_Work request_: Return exactly those lines of the material below that fall between the line holding "text \<open>Write \<open>h" and the line holding "soft thresholding only", inclusive.

_Supplied material_:
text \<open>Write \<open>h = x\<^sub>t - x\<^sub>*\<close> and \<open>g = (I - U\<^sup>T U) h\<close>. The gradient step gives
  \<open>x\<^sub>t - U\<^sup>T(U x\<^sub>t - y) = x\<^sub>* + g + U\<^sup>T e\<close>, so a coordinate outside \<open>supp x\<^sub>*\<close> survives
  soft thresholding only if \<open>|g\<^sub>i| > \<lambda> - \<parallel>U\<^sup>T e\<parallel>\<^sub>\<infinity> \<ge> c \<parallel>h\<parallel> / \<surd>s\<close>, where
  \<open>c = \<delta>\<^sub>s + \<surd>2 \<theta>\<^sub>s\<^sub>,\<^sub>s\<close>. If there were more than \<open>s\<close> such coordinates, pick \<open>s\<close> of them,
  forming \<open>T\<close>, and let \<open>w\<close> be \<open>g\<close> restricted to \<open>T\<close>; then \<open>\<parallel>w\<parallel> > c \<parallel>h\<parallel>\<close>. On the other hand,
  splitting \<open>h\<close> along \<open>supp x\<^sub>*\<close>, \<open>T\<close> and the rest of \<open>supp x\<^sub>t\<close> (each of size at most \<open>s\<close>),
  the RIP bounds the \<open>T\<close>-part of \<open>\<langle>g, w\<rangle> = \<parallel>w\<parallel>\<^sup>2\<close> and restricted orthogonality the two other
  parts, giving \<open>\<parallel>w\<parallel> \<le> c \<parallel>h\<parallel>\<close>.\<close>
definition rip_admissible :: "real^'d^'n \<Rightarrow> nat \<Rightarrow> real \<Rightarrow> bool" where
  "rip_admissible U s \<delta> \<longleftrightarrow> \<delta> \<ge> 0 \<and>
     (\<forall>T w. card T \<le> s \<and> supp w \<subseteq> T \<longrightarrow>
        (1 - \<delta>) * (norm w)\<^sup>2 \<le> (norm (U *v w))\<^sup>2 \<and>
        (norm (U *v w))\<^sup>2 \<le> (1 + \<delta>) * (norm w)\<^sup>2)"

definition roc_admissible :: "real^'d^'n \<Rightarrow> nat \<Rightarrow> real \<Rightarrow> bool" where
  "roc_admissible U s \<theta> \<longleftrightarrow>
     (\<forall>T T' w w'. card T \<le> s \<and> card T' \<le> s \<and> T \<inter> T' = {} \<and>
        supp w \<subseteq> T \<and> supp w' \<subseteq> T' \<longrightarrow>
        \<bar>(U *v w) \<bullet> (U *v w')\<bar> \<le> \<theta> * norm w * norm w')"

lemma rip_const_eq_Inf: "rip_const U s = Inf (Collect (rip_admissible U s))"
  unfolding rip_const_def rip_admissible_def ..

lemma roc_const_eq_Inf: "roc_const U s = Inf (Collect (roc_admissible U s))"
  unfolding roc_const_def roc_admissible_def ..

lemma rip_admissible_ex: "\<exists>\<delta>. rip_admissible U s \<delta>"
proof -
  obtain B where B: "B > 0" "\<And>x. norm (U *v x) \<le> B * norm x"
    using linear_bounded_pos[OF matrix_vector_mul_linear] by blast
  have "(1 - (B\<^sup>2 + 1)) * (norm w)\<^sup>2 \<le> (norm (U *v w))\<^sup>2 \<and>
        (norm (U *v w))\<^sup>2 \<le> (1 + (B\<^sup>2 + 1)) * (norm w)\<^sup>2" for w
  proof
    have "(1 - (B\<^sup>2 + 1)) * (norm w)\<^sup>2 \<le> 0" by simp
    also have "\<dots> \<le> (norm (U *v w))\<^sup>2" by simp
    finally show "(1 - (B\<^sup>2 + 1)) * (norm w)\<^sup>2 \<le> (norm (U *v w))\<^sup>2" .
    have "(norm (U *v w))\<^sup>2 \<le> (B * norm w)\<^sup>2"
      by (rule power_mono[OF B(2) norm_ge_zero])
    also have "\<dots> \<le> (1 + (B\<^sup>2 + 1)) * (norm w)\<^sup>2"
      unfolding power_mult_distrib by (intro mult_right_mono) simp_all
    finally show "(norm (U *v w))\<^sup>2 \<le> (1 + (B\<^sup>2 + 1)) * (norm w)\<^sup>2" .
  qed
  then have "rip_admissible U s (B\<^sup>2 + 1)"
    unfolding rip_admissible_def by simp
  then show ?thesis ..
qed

==

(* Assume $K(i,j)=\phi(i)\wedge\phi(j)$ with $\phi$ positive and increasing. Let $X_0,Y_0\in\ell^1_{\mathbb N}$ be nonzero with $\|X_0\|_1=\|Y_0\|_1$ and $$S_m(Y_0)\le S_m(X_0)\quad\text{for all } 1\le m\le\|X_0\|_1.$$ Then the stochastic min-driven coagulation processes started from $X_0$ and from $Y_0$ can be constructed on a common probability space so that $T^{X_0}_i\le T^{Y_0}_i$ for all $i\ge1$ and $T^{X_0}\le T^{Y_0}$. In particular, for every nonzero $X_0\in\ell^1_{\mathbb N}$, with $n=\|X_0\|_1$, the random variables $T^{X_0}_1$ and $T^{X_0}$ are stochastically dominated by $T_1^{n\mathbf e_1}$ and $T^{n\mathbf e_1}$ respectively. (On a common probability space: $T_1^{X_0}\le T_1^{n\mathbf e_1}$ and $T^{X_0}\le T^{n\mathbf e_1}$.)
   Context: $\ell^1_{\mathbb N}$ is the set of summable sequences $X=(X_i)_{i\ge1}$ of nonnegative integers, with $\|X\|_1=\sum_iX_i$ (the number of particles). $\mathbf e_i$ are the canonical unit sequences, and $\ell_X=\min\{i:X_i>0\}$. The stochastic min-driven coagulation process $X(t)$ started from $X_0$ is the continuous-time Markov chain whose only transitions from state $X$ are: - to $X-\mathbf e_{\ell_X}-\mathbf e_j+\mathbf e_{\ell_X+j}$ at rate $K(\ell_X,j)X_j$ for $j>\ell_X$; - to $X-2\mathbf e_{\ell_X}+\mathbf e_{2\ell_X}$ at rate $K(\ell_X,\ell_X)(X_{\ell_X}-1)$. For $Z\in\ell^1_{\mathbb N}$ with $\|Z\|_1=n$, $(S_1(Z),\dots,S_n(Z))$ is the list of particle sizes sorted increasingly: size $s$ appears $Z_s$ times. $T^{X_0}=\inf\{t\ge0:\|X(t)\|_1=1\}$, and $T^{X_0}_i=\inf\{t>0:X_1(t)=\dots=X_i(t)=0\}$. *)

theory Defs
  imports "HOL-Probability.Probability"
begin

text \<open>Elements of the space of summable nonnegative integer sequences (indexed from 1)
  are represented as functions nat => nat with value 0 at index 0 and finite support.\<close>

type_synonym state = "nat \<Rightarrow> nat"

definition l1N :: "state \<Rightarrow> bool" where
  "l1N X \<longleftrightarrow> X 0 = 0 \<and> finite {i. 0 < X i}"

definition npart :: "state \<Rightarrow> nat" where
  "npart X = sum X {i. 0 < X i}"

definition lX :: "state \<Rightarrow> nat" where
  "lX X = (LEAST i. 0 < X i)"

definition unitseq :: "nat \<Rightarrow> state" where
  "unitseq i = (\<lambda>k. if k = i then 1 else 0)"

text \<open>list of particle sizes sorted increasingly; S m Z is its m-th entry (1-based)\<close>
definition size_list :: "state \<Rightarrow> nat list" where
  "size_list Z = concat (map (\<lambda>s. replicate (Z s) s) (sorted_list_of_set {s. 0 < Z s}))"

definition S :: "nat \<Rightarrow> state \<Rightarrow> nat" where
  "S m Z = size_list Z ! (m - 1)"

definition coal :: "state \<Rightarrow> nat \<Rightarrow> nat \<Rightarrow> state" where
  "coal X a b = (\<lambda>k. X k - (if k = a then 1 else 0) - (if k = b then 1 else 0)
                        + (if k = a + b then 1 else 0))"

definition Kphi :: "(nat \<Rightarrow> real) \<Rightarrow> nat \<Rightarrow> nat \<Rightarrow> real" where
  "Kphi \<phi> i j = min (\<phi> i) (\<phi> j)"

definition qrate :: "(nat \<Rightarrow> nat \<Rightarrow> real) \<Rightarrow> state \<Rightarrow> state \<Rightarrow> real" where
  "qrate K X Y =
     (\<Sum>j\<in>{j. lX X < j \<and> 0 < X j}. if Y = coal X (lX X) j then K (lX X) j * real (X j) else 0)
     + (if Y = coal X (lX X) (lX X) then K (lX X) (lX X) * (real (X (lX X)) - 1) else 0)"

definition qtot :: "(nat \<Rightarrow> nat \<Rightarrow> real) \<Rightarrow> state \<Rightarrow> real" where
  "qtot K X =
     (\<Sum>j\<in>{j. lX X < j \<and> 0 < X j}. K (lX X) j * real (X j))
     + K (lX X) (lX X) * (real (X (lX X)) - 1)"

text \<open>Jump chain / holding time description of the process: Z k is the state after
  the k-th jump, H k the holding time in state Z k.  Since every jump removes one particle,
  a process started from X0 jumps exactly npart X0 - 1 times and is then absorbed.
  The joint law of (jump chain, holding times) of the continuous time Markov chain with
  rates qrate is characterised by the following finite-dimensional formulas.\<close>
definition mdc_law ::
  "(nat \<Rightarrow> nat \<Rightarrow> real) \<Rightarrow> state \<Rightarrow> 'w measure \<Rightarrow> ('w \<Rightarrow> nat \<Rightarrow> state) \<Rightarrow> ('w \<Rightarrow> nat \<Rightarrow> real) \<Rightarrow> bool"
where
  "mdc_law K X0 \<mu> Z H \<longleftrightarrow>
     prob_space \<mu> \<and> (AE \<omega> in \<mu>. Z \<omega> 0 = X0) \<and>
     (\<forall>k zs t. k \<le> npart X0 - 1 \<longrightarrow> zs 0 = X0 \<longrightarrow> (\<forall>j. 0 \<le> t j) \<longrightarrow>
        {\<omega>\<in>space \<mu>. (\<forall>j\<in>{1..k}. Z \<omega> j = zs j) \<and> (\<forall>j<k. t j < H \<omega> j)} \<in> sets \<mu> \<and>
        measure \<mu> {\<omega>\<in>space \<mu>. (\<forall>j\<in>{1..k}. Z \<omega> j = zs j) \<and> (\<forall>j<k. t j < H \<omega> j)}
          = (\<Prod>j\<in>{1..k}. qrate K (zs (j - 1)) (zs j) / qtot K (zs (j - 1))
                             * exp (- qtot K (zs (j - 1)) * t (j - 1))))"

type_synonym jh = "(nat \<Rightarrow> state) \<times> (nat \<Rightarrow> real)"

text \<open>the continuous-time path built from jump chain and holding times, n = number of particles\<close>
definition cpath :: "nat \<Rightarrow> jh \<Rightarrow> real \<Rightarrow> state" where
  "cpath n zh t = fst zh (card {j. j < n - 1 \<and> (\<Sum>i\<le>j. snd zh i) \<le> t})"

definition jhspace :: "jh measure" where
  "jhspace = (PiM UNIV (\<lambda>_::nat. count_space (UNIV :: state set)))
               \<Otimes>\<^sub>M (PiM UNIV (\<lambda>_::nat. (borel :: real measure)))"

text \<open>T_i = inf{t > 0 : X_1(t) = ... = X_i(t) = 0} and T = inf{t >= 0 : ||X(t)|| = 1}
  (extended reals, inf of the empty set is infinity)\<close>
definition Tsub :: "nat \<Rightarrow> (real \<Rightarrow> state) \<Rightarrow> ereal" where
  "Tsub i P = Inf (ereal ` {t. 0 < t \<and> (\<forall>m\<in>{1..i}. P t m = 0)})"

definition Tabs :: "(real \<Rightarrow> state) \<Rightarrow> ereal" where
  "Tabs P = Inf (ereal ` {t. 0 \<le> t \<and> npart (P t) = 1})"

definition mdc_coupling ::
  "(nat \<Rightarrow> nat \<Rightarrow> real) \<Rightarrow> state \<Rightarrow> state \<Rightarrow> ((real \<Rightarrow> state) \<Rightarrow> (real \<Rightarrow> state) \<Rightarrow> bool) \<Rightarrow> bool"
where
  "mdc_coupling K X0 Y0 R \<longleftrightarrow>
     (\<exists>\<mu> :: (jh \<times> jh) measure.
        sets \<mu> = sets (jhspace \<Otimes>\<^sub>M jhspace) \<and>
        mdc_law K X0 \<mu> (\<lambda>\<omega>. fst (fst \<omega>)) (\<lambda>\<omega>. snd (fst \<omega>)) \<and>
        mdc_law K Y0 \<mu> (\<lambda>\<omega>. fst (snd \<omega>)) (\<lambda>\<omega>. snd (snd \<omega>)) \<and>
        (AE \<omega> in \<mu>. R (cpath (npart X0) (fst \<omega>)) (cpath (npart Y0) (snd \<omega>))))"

==

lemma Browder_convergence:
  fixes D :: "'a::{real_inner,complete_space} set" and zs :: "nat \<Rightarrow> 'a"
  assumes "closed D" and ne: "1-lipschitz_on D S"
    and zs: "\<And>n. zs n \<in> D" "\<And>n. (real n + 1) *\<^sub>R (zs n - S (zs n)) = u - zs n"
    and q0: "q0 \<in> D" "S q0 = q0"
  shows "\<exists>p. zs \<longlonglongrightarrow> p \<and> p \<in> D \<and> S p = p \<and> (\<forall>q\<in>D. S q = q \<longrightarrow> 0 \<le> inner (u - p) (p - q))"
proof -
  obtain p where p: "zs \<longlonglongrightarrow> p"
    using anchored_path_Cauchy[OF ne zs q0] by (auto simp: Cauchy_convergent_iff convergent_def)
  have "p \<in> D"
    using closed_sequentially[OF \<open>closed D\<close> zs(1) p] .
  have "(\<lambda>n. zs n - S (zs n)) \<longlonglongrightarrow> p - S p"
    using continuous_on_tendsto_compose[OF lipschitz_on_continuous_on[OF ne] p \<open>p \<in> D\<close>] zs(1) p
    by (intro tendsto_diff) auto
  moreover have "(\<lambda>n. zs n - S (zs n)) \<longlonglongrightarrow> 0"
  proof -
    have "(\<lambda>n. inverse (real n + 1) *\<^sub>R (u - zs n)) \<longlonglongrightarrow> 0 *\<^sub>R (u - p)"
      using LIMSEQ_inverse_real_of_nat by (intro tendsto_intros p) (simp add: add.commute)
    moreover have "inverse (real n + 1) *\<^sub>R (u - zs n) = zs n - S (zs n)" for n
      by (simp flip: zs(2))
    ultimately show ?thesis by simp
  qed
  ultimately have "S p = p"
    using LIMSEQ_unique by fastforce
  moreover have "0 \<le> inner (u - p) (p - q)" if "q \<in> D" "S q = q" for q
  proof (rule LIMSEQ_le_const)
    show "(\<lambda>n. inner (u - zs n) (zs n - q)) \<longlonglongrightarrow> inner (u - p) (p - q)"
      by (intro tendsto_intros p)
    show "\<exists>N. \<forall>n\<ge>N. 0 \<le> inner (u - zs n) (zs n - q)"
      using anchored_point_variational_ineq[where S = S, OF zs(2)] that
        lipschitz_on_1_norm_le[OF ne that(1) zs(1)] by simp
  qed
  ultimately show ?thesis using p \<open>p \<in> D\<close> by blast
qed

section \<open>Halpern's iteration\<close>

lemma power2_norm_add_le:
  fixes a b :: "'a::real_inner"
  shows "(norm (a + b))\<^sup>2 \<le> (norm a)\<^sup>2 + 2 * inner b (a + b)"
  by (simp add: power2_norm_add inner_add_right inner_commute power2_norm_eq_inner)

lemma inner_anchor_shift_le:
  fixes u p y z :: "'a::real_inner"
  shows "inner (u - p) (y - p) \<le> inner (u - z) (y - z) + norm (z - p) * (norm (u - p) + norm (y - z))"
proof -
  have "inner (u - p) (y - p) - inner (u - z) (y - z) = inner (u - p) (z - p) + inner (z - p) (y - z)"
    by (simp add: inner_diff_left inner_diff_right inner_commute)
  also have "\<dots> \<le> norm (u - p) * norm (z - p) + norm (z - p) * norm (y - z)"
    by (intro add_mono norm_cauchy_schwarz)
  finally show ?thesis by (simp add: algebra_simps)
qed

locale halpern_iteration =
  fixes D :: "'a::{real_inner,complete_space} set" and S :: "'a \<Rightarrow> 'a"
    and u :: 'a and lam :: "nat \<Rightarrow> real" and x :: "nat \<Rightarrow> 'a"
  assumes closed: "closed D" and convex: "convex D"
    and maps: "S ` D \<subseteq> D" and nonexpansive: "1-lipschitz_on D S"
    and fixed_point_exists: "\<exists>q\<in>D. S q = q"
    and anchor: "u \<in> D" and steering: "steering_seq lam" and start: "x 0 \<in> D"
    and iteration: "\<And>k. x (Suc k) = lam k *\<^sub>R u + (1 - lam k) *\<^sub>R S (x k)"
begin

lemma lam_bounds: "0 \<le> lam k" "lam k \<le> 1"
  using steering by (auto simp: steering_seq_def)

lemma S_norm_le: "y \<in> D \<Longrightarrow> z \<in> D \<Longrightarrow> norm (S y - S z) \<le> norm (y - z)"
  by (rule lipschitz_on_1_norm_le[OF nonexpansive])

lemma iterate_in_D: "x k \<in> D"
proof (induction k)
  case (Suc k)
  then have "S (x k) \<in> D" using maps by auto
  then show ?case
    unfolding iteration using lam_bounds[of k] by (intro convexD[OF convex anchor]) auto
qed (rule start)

_Expected output_:
text \<open>Write \<open>h = x\<^sub>t - x\<^sub>*\<close> and \<open>g = (I - U\<^sup>T U) h\<close>. The gradient step gives
  \<open>x\<^sub>t - U\<^sup>T(U x\<^sub>t - y) = x\<^sub>* + g + U\<^sup>T e\<close>, so a coordinate outside \<open>supp x\<^sub>*\<close> survives
  soft thresholding only if \<open>|g\<^sub>i| > \<lambda> - \<parallel>U\<^sup>T e\<parallel>\<^sub>\<infinity> \<ge> c \<parallel>h\<parallel> / \<surd>s\<close>, where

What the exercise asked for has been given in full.